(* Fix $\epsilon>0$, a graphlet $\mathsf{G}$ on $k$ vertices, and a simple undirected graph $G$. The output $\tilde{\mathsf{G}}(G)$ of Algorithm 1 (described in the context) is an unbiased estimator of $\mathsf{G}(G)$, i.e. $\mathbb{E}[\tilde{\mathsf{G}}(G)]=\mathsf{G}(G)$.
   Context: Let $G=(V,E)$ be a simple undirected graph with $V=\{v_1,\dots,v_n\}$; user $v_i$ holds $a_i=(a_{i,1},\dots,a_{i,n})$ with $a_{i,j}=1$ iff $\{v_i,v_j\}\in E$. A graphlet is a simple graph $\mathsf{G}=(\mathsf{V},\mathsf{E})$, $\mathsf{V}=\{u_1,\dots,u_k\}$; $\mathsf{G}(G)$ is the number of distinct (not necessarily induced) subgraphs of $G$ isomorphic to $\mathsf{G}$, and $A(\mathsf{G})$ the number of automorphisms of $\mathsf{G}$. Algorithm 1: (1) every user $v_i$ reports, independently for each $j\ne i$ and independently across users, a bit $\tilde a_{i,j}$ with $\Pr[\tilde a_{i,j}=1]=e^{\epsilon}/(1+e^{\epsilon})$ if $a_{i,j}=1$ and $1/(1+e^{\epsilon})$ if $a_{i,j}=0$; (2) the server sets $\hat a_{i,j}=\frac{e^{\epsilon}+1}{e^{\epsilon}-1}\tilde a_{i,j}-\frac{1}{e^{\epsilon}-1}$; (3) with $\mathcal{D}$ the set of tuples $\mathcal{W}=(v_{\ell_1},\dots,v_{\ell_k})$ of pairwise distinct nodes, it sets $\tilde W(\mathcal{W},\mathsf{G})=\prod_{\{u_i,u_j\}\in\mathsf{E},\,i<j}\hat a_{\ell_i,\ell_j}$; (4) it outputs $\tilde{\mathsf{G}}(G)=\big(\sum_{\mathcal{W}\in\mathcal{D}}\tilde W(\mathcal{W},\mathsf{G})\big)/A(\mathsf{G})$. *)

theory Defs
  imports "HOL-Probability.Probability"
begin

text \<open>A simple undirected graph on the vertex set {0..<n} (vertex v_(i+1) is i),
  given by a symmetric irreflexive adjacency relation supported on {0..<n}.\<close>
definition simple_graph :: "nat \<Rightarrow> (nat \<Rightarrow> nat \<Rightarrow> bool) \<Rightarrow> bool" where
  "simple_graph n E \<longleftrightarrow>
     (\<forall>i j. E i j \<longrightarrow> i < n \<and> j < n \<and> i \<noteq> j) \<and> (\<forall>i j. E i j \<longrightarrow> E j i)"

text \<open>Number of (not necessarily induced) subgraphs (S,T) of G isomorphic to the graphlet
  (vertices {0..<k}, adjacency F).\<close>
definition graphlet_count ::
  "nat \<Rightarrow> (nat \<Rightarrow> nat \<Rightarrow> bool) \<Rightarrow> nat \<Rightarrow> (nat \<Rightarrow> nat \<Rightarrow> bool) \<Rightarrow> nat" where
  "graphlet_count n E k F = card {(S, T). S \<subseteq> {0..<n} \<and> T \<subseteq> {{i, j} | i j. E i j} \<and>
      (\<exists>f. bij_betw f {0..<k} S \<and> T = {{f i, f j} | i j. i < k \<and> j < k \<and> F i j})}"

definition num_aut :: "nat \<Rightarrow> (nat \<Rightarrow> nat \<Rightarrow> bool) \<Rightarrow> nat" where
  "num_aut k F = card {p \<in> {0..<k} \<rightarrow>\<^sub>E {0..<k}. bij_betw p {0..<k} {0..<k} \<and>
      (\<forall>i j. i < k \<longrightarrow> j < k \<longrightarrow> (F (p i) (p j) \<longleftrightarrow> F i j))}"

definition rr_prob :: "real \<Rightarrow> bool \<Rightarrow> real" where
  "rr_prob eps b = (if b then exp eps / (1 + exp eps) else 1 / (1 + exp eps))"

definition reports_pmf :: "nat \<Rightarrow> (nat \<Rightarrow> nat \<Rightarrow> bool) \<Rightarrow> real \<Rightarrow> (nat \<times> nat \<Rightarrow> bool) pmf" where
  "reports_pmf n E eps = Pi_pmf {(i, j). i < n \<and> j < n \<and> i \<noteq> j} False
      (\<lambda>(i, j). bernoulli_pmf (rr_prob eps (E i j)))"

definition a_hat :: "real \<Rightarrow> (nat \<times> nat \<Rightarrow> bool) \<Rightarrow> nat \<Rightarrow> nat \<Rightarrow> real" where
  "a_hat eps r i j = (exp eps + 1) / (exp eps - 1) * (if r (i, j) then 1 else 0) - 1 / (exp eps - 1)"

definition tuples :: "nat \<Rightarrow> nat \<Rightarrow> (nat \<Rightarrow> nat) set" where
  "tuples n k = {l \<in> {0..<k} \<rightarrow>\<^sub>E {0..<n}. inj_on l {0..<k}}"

━━━━━━━━━━━━━━━━━━━━

* _Work item_: Leave out every line above except those from the line with "bool) \<Rightarrow> real" up to and including the line with "(i, j) then", and copy those exactly.

* _Result of the task_:
definition reports_pmf :: "nat \<Rightarrow> (nat \<Rightarrow> nat \<Rightarrow> bool) \<Rightarrow> real \<Rightarrow> (nat \<times> nat \<Rightarrow> bool) pmf" where
  "reports_pmf n E eps = Pi_pmf {(i, j). i < n \<and> j < n \<and> i \<noteq> j} False
      (\<lambda>(i, j). bernoulli_pmf (rr_prob eps (E i j)))"

definition a_hat :: "real \<Rightarrow> (nat \<times> nat \<Rightarrow> bool) \<Rightarrow> nat \<Rightarrow> nat \<Rightarrow> real" where
  "a_hat eps r i j = (exp eps + 1) / (exp eps - 1) * (if r (i, j) then 1 else 0) - 1 / (exp eps - 1)"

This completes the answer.